Alternatively, you can also install MongoDB manually following the official documentation. If you installed MongoDB manually, an important note is that you need to ensure that the MongoDB instance has enabled replica set feature, since Agent-lightning uses the transactional operations internally. The simplest approach is to use the following script (executed in the MongoDB shell) to initialize the replica set:
To scale out further, launch the store server via agl store --backend mongo (see Debugging with External Store). The CLI accepts --n-workers, which starts the server under gunicorn with multiple worker processes so concurrent runners can push and pull at higher throughput. This option applies only to persistent backends; an in-memory store, on the other hand, cannot be sharded across workers because its state lives inside one process.
Note
The --n-workers here is the number of worker processes for the store server, NOT related to the number of rollout runners.
Increasing Throughput of LLM Proxy¶
Agent-lightning includes an optional LLMProxy that wraps LiteLLM to provide a unified OpenAI-compatible endpoint for your agents. When rollout throughput increases, the proxy can become a bottleneck. You can scale it out using the same pattern as the store server.
To increase proxy throughput, pass num_workers when constructing the proxy:
import agentlightning as agl
proxy = agl.LLMProxy(
port=4000,
launch_mode="mp", # multiprocessing mode
num_workers=4, # four gunicorn workers handle concurrent requests
)
You can also configure the proxy through Trainer:
trainer = agl.Trainer(
algorithm=algorithm,
n_runners=8, # The runners here is the rollout runners, not related to LLM proxy replicas
llm_proxy={"port": 4000, "num_workers": 4}, # launch mode is actually mp by default
)
When num_workers > 1, the launcher starts gunicorn with the specified number of worker processes. Each worker runs its own event loop, allowing the proxy to handle many concurrent LLM requests without being blocked by Python's GIL.
Tip
When using mp launch mode, LLMProxy will start the server in a separate process. To make sure the proxy is still accessing the same store as the main process, you need to set the store to be zero-copy compatible, which means, either the store is a native zero-copy store like MongoLightningStore or the store is wrapped via LightningStoreServer or LightningStoreClient.
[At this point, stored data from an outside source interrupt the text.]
definition is_def_solution :: "real \<Rightarrow> (int \<Rightarrow> real) \<Rightarrow> (int \<Rightarrow> real) \<Rightarrow> (int \<Rightarrow> real) \<Rightarrow> (int \<Rightarrow> real) \<Rightarrow> bool" where
  "is_def_solution x a b m n \<longleftrightarrow>
     mono m \<and> (m \<longlongrightarrow> 0) at_bot \<and>
     (\<forall>k. m (k+1) - m k = gprod (\<lambda>i. c_j i x - 1) k) \<and>
     antimono n \<and> (n \<longlongrightarrow> 0) at_top \<and>
     (\<forall>k. n k - n (k+1) = x * gprod (\<lambda>i. d_j i x - 1) k) \<and>
     (\<forall>i. a i = (m (i+1) - m (i-1))^2 * (n (i-1) - n (i+1))
                 / ((m (i+1) - m (i-1)) + (n (i-1) - n (i+1)))^2) \<and>
     (\<forall>i. b i = (m (i+1) - m (i-1)) * (n (i-1) - n (i+1))^2
                 / ((m (i+1) - m (i-1)) + (n (i-1) - n (i+1)))^2)"

end

theory Submission
  imports Defs
begin

(*
  Substituting omega = 4 tau + 1 makes everything rational: y = tau (1 + 2 tau),
  c(y) = (1 + tau)^2, d(y) = (1 + tau)^2 / (1 + 2 tau) and s(y) = tau^2 / (tau + 2).

  At a single site i, with increments p = m_i - m_(i-1) and u = n_(i-1) - n_i, the ABMN
  equations with a_i, b_i > 0 hold iff there is tau > 0 with a_i = p tau, b_i = p tau^2,
  m_(i+1) - m_i = p tau (tau + 2), u = p tau (1 + 2 tau) and n_i - n_(i+1) = p tau^3, i.e.
  iff the next increments are p (c(u/p) - 1) and u (d(u/p) - 1) and a_i, b_i are given by the
  stated formulas. The identity y (d(y) - 1) = s(y) (c(y) - 1) shows that the ratio of the
  increments follows an orbit of s, and s is injective, so m_0 - m_(-1) = 1 and the central
  ratio x determine all increments as the stated products. The boundary limits fix the additive
  constants. Conversely the products decay geometrically in both directions, because s shrinks
  by a factor of at least 5, so summing them gives the solution.
*)

section \<open>The parametrisation by tau\<close>

definition tau :: "real \<Rightarrow> real" where "tau y = (omg y - 1) / 4"

lemma omg_eq_tau: "omg y = 4 * tau y + 1"
  by (simp add: tau_def field_simps)

lemma tau_pos: "0 < y \<Longrightarrow> 0 < tau y"
  by (simp add: tau_def omg_def)

lemma tau_param: "0 < y \<Longrightarrow> y = tau y * (1 + 2 * tau y)"
  by (simp add: tau_def omg_def field_simps power2_eq_square[symmetric])

lemma tau_of_param: "0 \<le> t \<Longrightarrow> tau (t * (1 + 2 * t)) = t"
proof -
  assume "0 \<le> t"
  moreover have "8 * (t * (1 + 2 * t)) + 1 = (4 * t + 1)\<^sup>2"
    by (simp add: algebra_simps power2_eq_square)
  ultimately show ?thesis by (simp add: tau_def omg_def)
qed

lemma cfun_minus_one_tau: "cfun y - 1 = tau y * (tau y + 2)"
  by (simp add: cfun_def omg_eq_tau power2_eq_square algebra_simps)

lemma dfun_minus_one_tau: "0 < y \<Longrightarrow> dfun y - 1 = (tau y)\<^sup>2 / (1 + 2 * tau y)"
  using tau_pos[of y] by (simp add: dfun_def omg_eq_tau power2_eq_square field_simps)

lemma sfun_tau: "0 < y \<Longrightarrow> sfun y = (tau y)\<^sup>2 / (tau y + 2)"
  using tau_pos[of y] by (simp add: sfun_def omg_eq_tau power2_eq_square field_simps)

lemma cfun_minus_one_pos: "0 < y \<Longrightarrow> 0 < cfun y - 1"
  using tau_pos[of y] by (simp add: cfun_minus_one_tau)

lemma dfun_minus_one_pos: "0 < y \<Longrightarrow> 0 < dfun y - 1"
  using tau_pos[of y] by (simp add: dfun_minus_one_tau)

lemma cfun_minus_one_ge: "0 < y \<Longrightarrow> y / 2 \<le> cfun y - 1"
  using tau_pos[of y] tau_param[of y] by (simp add: cfun_minus_one_tau field_simps)

lemma dfun_minus_one_le:
  assumes "0 < y"
  shows "dfun y - 1 \<le> y / 2"
proof -
  define t where "t = tau y"
  have "0 < t" using tau_pos assms by (simp add: t_def)
  then have "t\<^sup>2 / (1 + 2 * t) \<le> t * (1 + 2 * t) / 2"
    by (simp add: field_simps power2_eq_square)
  then show ?thesis using assms tau_param[of y] by (simp add: dfun_minus_one_tau t_def)
qed

lemma sfun_cfun_eq_dfun:
  assumes "0 < y"
  shows "sfun y * (cfun y - 1) = y * (dfun y - 1)"
proof -
  define t where "t = tau y"
  have "0 < t" using tau_pos assms by (simp add: t_def)
  have "sfun y * (cfun y - 1) = t\<^sup>2 / (t + 2) * (t * (t + 2))"
    using assms by (simp add: sfun_tau cfun_minus_one_tau t_def)
  also have "\<dots> = t * (1 + 2 * t) * (t\<^sup>2 / (1 + 2 * t))"
    using \<open>0 < t\<close> by (simp add: field_simps power2_eq_square)
  also have "\<dots> = y * (dfun y - 1)"
    using assms tau_param[of y] by (simp add: dfun_minus_one_tau t_def)
  finally show ?thesis .
qed

section \<open>The maps s_j\<close>

lemma sfun_pos: "0 < y \<Longrightarrow> 0 < sfun y"
  using tau_pos[of y] by (simp add: sfun_tau)

lemma sfun_le:
  assumes "0 < y"
  shows "sfun y \<le> y / 5"
proof -
  define t where "t = tau y"
  have "0 < t" using tau_pos assms by (simp add: t_def)
  then have "t\<^sup>2 / (t + 2) \<le> t * (1 + 2 * t) / 5"
    by (simp add: field_simps power2_eq_square)
  then show ?thesis using assms tau_param[of y] by (simp add: sfun_tau t_def)
qed

lemma sfun_inj:
  assumes "0 < y" "0 < z" "sfun y = sfun z"
  shows "y = z"
proof -
  define t t' where "t = tau y" and "t' = tau z"
  have "0 < t" "0 < t'" using tau_pos assms by (auto simp: t_def t'_def)
  moreover have "t\<^sup>2 / (t + 2) = t'\<^sup>2 / (t' + 2)"
    using assms by (simp add: sfun_tau t_def t'_def)
  ultimately have "(t - t') * (t * t' + 2 * t + 2 * t') = 0"
    by (simp add: field_simps power2_eq_square)
  moreover have "0 < t * t' + 2 * t + 2 * t'"
    using \<open>0 < t\<close> \<open>0 < t'\<close> by (simp add: add_pos_pos)
  ultimately have "t = t'" by simp
  then show ?thesis using tau_param assms by (metis t_def t'_def)
qed

lemma sfun_sfun_m1:
  assumes "0 < y"
  shows "sfun (sfun_m1 y) = y"
proof -
  define t where "t = tau (1 / y)"
  have "0 < t" using tau_pos assms by (simp add: t_def)
  have "sfun_m1 y = (t + 2) / t\<^sup>2"
    using sfun_tau[of "1 / y"] assms by (simp add: sfun_m1_def t_def)
  also have "\<dots> = (1 / t) * (1 + 2 * (1 / t))"
    using \<open>0 < t\<close> by (simp add: field_simps power2_eq_square)
  finally have "sfun_m1 y = 1 / t * (1 + 2 * (1 / t))" .
  then have "tau (sfun_m1 y) = 1 / t"
    using tau_of_param[of "1 / t"] \<open>0 < t\<close> by simp
  moreover have "0 < sfun_m1 y"
    using sfun_pos assms by (simp add: sfun_m1_def)
  ultimately have "sfun (sfun_m1 y) = (1 / t)\<^sup>2 / (1 / t + 2)"
    by (simp add: sfun_tau)
  also have "\<dots> = 1 / (t * (1 + 2 * t))"
    using \<open>0 < t\<close> by (simp add: field_simps power2_eq_square)
  also have "\<dots> = y"
    using tau_param[of "1 / y"] assms by (simp add: t_def)
  finally show ?thesis .
qed

lemma s_iter_pos: "0 < x \<Longrightarrow> 0 < s_iter j x"
proof -
  assume "0 < x"
  have "0 < (sfun ^^ k) x" "0 < (sfun_m1 ^^ k) x" for k
    by (induction k) (simp_all add: \<open>0 < x\<close> sfun_pos sfun_m1_def)
  then show ?thesis by (simp add: s_iter_def)
qed

lemma s_iter_succ:
  assumes "0 < x"
  shows "s_iter (j + 1) x = sfun (s_iter j x)"
proof (cases "0 \<le> j")
  case True
  then have "nat (j + 1) = Suc (nat j)" by simp
  with True show ?thesis by (simp add: s_iter_def)
next
  case False
  then have "nat (- j) = Suc (nat (- (j + 1)))" by simp
  moreover have "0 < s_iter (j + 1) x" using s_iter_pos assms .
  ultimately show ?thesis
    using False sfun_sfun_m1 by (auto simp: s_iter_def)
qed

lemma s_iter_nat_le: "0 < x \<Longrightarrow> s_iter (int k) x \<le> x / 5 ^ k"
proof (induction k)
  case (Suc k)
  have "s_iter (int (Suc k)) x = sfun (s_iter (int k) x)"
    using s_iter_succ[OF Suc.prems, of "int k"] by (simp add: add.commute)
  also have "\<dots> \<le> s_iter (int k) x / 5"
    using sfun_le s_iter_pos Suc.prems by blast
  also have "\<dots> \<le> x / 5 ^ Suc k"
    using Suc by (simp add: field_simps)
  finally show ?case .
qed (simp add: s_iter_def)

lemma s_iter_neg_ge: "0 < x \<Longrightarrow> 5 ^ k * x \<le> s_iter (- int k) x"
proof (induction k)
  case (Suc k)
  have "s_iter (- int k) x = sfun (s_iter (- int (Suc k)) x)"
    using s_iter_succ[OF Suc.prems, of "- int (Suc k)"] by simp
  also have "\<dots> \<le> s_iter (- int (Suc k)) x / 5"
    using sfun_le s_iter_pos Suc.prems by blast
  finally show ?case using Suc by simp
qed (simp add: s_iter_def)

lemma s_iter_orbit:
  assumes pos: "\<And>k. 0 < r k" and step: "\<And>k. r (k + 1) = sfun (r k)"
  shows "r k = s_iter (k + 1) (r (-1))"
proof (induction k rule: int_induct[where k = "-1"])
  case base
  then show ?case by (simp add: s_iter_def)
next
  case (step1 k)
  then show ?case using step[of k] s_iter_succ[OF pos, of "k + 1"] by simp
next
  case (step2 k)
  have "sfun (r (k - 1)) = sfun (s_iter k (r (-1)))"
    using step[of "k - 1"] step2 s_iter_succ[OF pos, of k] by simp
  then show ?case using sfun_inj pos s_iter_pos[OF pos] by simp
qed

section \<open>The products\<close>

lemma gprod_minus_one [simp]: "gprod h (-1) = 1"
  by (simp add: gprod_def)

lemma gprod_pos: "(\<And>i. 0 < h i) \<Longrightarrow> 0 < gprod h k"
  by (auto simp: gprod_def intro!: prod_pos)

lemma gprod_step:
  assumes "h k \<noteq> 0"
  shows "gprod h k = h k * gprod h (k - 1)"
proof -
  consider "1 \<le> k" | "k = 0" | "k \<le> -1" by linarith
  then show ?thesis
  proof cases
    case 1
    then have "{0..k} = insert k {0..k - 1}" by auto
    with 1 show ?thesis by (simp add: gprod_def)
  next
    case 3
    then have "{k - 1 + 1..-1} = insert k {k + 1..-1}" by auto
    with 3 assms show ?thesis by (simp add: gprod_def)
  qed (simp add: gprod_def)
qed

lemma eq_gprod_if_recurrence:
  assumes rec: "\<And>k. f k = h k * f (k - 1)" and nz: "\<And>k. h k \<noteq> 0"
  shows "f k = f (-1) * gprod h k"
proof (induction k rule: int_induct[where k = "-1"])
  case (step1 k)
  then show ?case using rec[of "k + 1"] gprod_step[of h "k + 1"] nz by simp
next
  case (step2 k)
  have "h k * f (k - 1) = h k * (f (-1) * gprod h (k - 1))"
    using step2 rec[of k] gprod_step[of h k] nz by simp
  then show ?case using nz[of k] by simp
qed simp

abbreviation cprod :: "real \<Rightarrow> int \<Rightarrow> real" where
  "cprod x k \<equiv> gprod (\<lambda>i. c_j i x - 1) k"

abbreviation dprod :: "real \<Rightarrow> int \<Rightarrow> real" where
  "dprod x k \<equiv> gprod (\<lambda>i. d_j i x - 1) k"

lemma c_j_minus_one_pos: "0 < x \<Longrightarrow> 0 < c_j i x - 1"
  unfolding c_j_def by (rule cfun_minus_one_pos[OF s_iter_pos])

lemma d_j_minus_one_pos: "0 < x \<Longrightarrow> 0 < d_j i x - 1"
  unfolding d_j_def by (rule dfun_minus_one_pos[OF s_iter_pos])

lemma cprod_pos: "0 < x \<Longrightarrow> 0 < cprod x k"
  using c_j_minus_one_pos by (rule gprod_pos)

lemma dprod_pos: "0 < x \<Longrightarrow> 0 < dprod x k"
  using d_j_minus_one_pos by (rule gprod_pos)

lemma cprod_step: "0 < x \<Longrightarrow> cprod x k = (c_j k x - 1) * cprod x (k - 1)"
  using c_j_minus_one_pos[of x k] by (intro gprod_step) simp

lemma dprod_step: "0 < x \<Longrightarrow> dprod x k = (d_j k x - 1) * dprod x (k - 1)"
  using d_j_minus_one_pos[of x k] by (intro gprod_step) simp

lemma dprod_eq_s_iter_cprod:
  assumes "0 < x"
  shows "x * dprod x k = s_iter (k + 1) x * cprod x k"
proof -
  \<comment> \<open>Both sides satisfy the recurrence of dprod, by sfun_cfun_eq_dfun.\<close>
  define f where "f k = s_iter (k + 1) x * cprod x k" for k
  have rec: "f k = (d_j k x - 1) * f (k - 1)" for k
  proof -
    have "f k = sfun (s_iter k x) * (cfun (s_iter k x) - 1) * cprod x (k - 1)"
      unfolding f_def using s_iter_succ[OF assms, of k] cprod_step[OF assms, of k]
      by (simp add: c_j_def)
    also have "\<dots> = s_iter k x * (dfun (s_iter k x) - 1) * cprod x (k - 1)"
      using sfun_cfun_eq_dfun[OF s_iter_pos[OF assms]] by simp
    also have "\<dots> = (d_j k x - 1) * f (k - 1)"
      by (simp add: f_def d_j_def)
    finally show ?thesis .
  qed
  then have "f k = f (-1) * dprod x k"
    using eq_gprod_if_recurrence[of f "\<lambda>i. d_j i x - 1", OF rec]
      d_j_minus_one_pos[OF assms, THEN less_imp_neq, THEN not_sym]
    by blast
  then show ?thesis by (simp add: f_def s_iter_def)
qed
Shared Server Infrastructure
Both LightningStoreServer and LLMProxy rely on a common utility called PythonServerLauncherArgs. This dataclass captures the settings needed to launch a FastAPI application:
from agentlightning.utils import PythonServerLauncherArgs
args = PythonServerLauncherArgs(
port=8000,
host="0.0.0.0",
n_workers=4, # spawn 4 gunicorn workers
launch_mode="thread", # or "mp" for multiprocessing, "asyncio" for in-loop
)
Under the hood, PythonServerLauncher reads these arguments and chooses between uvicorn (single worker) and gunicorn (multiple workers) automatically.